After sorting myself out a bit, I went back to peering out the windows and doors of my house. Observing the behavior of the animals who inhabit my yard is always interesting and was a boon during the winter months of 2020 and 2021. Today finally brought seasonal temperatures for January, rather than the mild ones which have lingered through November and December. The chilly air brought multiple bird species to feast at my feeders. The icy glaze on the glass through which I was shooting make for blurry pictures, but I like them anyway.

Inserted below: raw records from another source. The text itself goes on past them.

lemma red_bip_on_comp_unique:
  assumes "simple_edges E" "C = comp E v" "W \<subseteq> C" "W' \<subseteq> C"
    and "red_bip_on (edges_in E C) R W" "red_bip_on (edges_in E C) R W'"
  shows "W' = W \<or> W' = C - W"
proof -
  have bip: "{p, q} \<in> R \<longleftrightarrow> (p \<in> U) \<noteq> (q \<in> U)"
    if "U \<in> {W, W'}" "{p, q} \<in> E" "p \<noteq> q" "p \<in> C" "q \<in> C" for U p q
    using that assms(5,6) card_doubleton_Int_eq_1[of p q U] unfolding red_bip_on_def edges_in_def
    by auto
  have agree: "((u \<in> W) = (u \<in> W')) = ((v \<in> W) = (v \<in> W'))" if "(adj E)\<^sup>*\<^sup>* v u" for u
    using that
  proof (induction rule: rtranclp_induct)
    case (step u w)
    then have e: "{u, w} \<in> E" unfolding adj_def by simp
    have "u \<in> C" using step(1) assms(2) unfolding comp_def by simp
    moreover have "w \<in> C" using comp_edge_closed[OF e] \<open>u \<in> C\<close> assms(2) by simp
    moreover have "u \<noteq> w" using e by (auto elim: simple_edgesE[OF assms(1)] simp: doubleton_eq_iff)
    ultimately show ?case using step(3) bip[of W u w] bip[of W' u w] e by auto
  qed simp
  then show ?thesis using assms(2-4) unfolding comp_def by blast
qed
(* Let $n_1 \ge 3$ be an odd integer, $p$ a prime with $p \equiv 1 \pmod{n_1}$, $\omega = e^{2\pi\imath/p}$, $r$ a primitive root modulo $p$, and $\sigma$ the automorphism of $\mathbb{Q}(\omega)$ with $\sigma(\omega) = \omega^{r}$. Let $m = (p-1)/2$, $\alpha = \prod_{k=0}^{m-1}(1-\omega^{r^k})$, let $\lambda$ be an integer with $\lambda(r-1)\equiv 1 \pmod p$, $z = \omega^{\lambda}\alpha(1-\omega)$, and $x = \sum_{k=1}^{(p-1)/n_1}\sigma^{k n_1}(z)$. Then the $n_1\times n_1$ matrix $G_{n_1} = \frac{1}{p}\big[\sigma^{(i+j) \bmod n_1}(x)\big]_{i,j=0}^{n_1-1}$ (a circulant-type matrix whose rows are successive cyclic left shifts of $\frac1p(x,\sigma(x),\dots,\sigma^{n_1-1}(x))$) is unitary, i.e. $G_{n_1}G_{n_1}^{\dagger} = I_{n_1}$; equivalently, the lattice it generates is orthogonal.
   Context: $x$ lies in the subfield $\mathbb{K}'$ of $\mathbb{Q}(\omega)$ fixed by $\sigma^{n_1}$, which has degree $n_1$ over $\mathbb{Q}$; $\sigma$ restricted to $\mathbb{K}'$ has order $n_1$, so $\sigma^{(i+j)\bmod n_1}(x) = \sigma^{i+j}(x)$. *)

theory Defs
  imports Complex_Main "HOL-Number_Theory.Number_Theory"
    "HOL-Computational_Algebra.Polynomial"
    "Jordan_Normal_Form.Schur_Decomposition"
begin

definition simple_ext_Q :: "complex \<Rightarrow> complex set" where
  "simple_ext_Q w = (\<lambda>q :: rat poly. poly (map_poly of_rat q) w) ` UNIV"

definition field_aut_on :: "complex set \<Rightarrow> (complex \<Rightarrow> complex) \<Rightarrow> bool" where
  "field_aut_on K s \<longleftrightarrow> bij_betw s K K \<and> s 1 = 1 \<and>
     (\<forall>a\<in>K. \<forall>b\<in>K. s (a + b) = s a + s b \<and> s (a * b) = s a * s b)"

end

theory Submission
  imports Defs
begin

text \<open>
  Put \<open>\<beta> = \<omega>^\<lambda> \<alpha>\<close>. Since \<open>r^m = -1 (mod p)\<close>, the automorphism \<open>\<sigma>\<close> shifts the factors of
  \<open>\<alpha>\<close> cyclically up to one factor and gives \<open>\<sigma>(\<alpha>) = -\<omega>^(-1) \<alpha>\<close>, while
  \<open>\<lambda>(r - 1) = 1 (mod p)\<close> gives \<open>\<sigma>(\<omega>^\<lambda>) = \<omega>^(\<lambda>+1)\<close>; hence \<open>\<sigma>(\<beta>) = -\<beta>\<close> and
  \<open>\<sigma>^e(z) = (-1)^e \<beta> (1 - \<omega>^(r^e))\<close>. Summing over \<open>e = s (mod n1)\<close>, the constant terms cancel
  because \<open>n1\<close> is odd and \<open>(p - 1)/n1\<close> is even, so \<open>\<sigma>^s(x) = -\<beta> F(s)\<close> for the signed
  Gauss period \<open>F(s) = \<Sum>a. (-1)^(s+a n1) \<omega>^(r^(s+a n1))\<close>, which is \<open>n1\<close>-periodic.
  Moreover \<open>|\<beta>|^2 = |\<alpha>|^2 = \<Prod>0<a<p. (1 - \<omega>^a) = p\<close>. Unfolding the periods, the inner product
  of two rows of \<open>G\<close> becomes a signed combination of complete sums
  \<open>\<Sum>0<a<p. \<omega>^(c a)\<close>, each equal to \<open>p - 1\<close> or \<open>-1\<close>; the alternating signs cancel everything
  except \<open>p\<close> on the diagonal.
\<close>

section \<open>Automorphisms of \<open>\<rat>(w)\<close> and rational polynomial functions\<close>

interpretation of_rat_poly_hom: map_poly_comm_ring_hom "of_rat :: rat \<Rightarrow> complex" ..

text \<open>Automorphisms of \<open>\<rat>(w)\<close> commute with these functions; this is all the Galois
  theory the proof needs.\<close>

definition rat_poly_fun :: "(complex \<Rightarrow> complex) \<Rightarrow> bool" where
  "rat_poly_fun f \<longleftrightarrow> (\<exists>q. \<forall>w. f w = poly (map_poly of_rat q) w)"

lemma rat_poly_funI: "(\<And>w. f w = poly (map_poly of_rat q) w) \<Longrightarrow> rat_poly_fun f"
  unfolding rat_poly_fun_def by blast

lemma rat_poly_funE:
  assumes "rat_poly_fun f"
  obtains q where "\<And>w. f w = poly (map_poly of_rat q) w"
  using assms unfolding rat_poly_fun_def by blast

lemma rat_poly_fun_const [intro]: "rat_poly_fun (\<lambda>_. of_rat c)"
  by (rule rat_poly_funI[of _ "[:c:]"]) (simp add: of_rat_hom.map_poly_pCons_hom)

lemma rat_poly_fun_one [intro]: "rat_poly_fun (\<lambda>_. 1)"
  using rat_poly_fun_const[of 1] by simp

lemma rat_poly_fun_ident [intro]: "rat_poly_fun (\<lambda>w. w)"
  by (rule rat_poly_funI[of _ "[:0, 1:]"]) (simp add: of_rat_hom.map_poly_pCons_hom)

lemma rat_poly_fun_add [intro]:
  assumes "rat_poly_fun f" "rat_poly_fun g"
  shows "rat_poly_fun (\<lambda>w. f w + g w)"
proof -
  obtain q q' where "\<And>w. f w = poly (map_poly of_rat q) w" "\<And>w. g w = poly (map_poly of_rat q') w"
    using assms by (metis rat_poly_funE)
  then show ?thesis by (intro rat_poly_funI[of _ "q + q'"]) (simp add: of_rat_poly_hom.hom_add)
qed
lemma essential_iff_cells:
  assumes "multivector_field X V"
  shows "essential X V \<phi> \<longleftrightarrow>
    (\<forall>z. regular X (cell V z) \<longrightarrow>
       (\<forall>m. \<exists>s<m. \<phi> s \<notin> cell V z) \<and> (\<forall>m. \<exists>s>m. \<phi> s \<notin> cell V z))"
proof
  assume ess: "essential X V \<phi>"
  have backward: "\<exists>s<m. \<phi> s \<notin> cell V z" if "regular X (cell V z)" for z m
  proof (rule ccontr)
    assume "\<not> (\<exists>s<m. \<phi> s \<notin> cell V z)"
    then have inside: "\<forall>s<m. \<phi> s \<in> cell V z"
      by auto
    then have "cell V (\<phi> (m - 1)) = cell V z"
      using cell_eq[OF assms] by simp
    with ess that inside show False
      unfolding essential_def by metis
  qed
  have forward: "\<exists>s>m. \<phi> s \<notin> cell V z" if "regular X (cell V z)" for z m
  proof (rule ccontr)
    assume "\<not> (\<exists>s>m. \<phi> s \<notin> cell V z)"
    then have inside: "\<forall>s>m. \<phi> s \<in> cell V z"
      by auto
    then have "cell V (\<phi> (m + 1)) = cell V z"
      using cell_eq[OF assms] by simp
    with ess that inside show False
      unfolding essential_def by metis
  qed
  show "\<forall>z. regular X (cell V z) \<longrightarrow>
       (\<forall>m. \<exists>s<m. \<phi> s \<notin> cell V z) \<and> (\<forall>m. \<exists>s>m. \<phi> s \<notin> cell V z)"
    using backward forward by blast
qed (auto simp: essential_def)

I did venture out into the cold. Fresh air is a critical necessity in maintaining a healthy mental balance. Despite the biting temperature, the draw of my garden is still strong. I poked around, looking for bits of color, planning for the empty spaces which invariably pop up every year. I garden both economically and defensively these days. My back hallway is full of rhizomes and seeds I pulled from the ground in the fall. They’ll all go back in after the danger of frost is gone. So far I’ve been lucky with cannas, dahlias, milkweed and tithonia sunflowers. Each success feels like a small triumph over endless consumerism. I’m also trying to plant in a way that holds down the amount of weed pulling which always faces those of us who love the dirt. There are ways to subvert those pesky volunteers.
The juxtaposition of the winter and summer garden is somehow comforting. I hope I’m not around long enough to see my yard turn into a one season environment. I can’t imagine what the world would be like if there was never the pleasure of watching new blooms emerge as if it was their first time.
Back inside I pulled out the old standbys that help me while away the daytime hours. The thick book of challenging New York Times crossword puzzles. The art supplies. I remind myself that if I don’t practice I’ll never improve. My attempt to draw my beloved female cardinal Pumpkin, who disappeared from my yard a few months ago, is not satisfying to me. I’m going to give that rendering another go.
In a few weeks, the online classes I enrolled in will begin. Hopefully after those end, this latest surge will have run its course. Or if not, the weather will be mild enough for me to break out the digging tools so I can be up to my eyeballs in the open air and my dirt. This afternoon, the sun broke through what felt like endless days of gray sky. I was able to catch the moment. For the time being, that moment will have to suffice.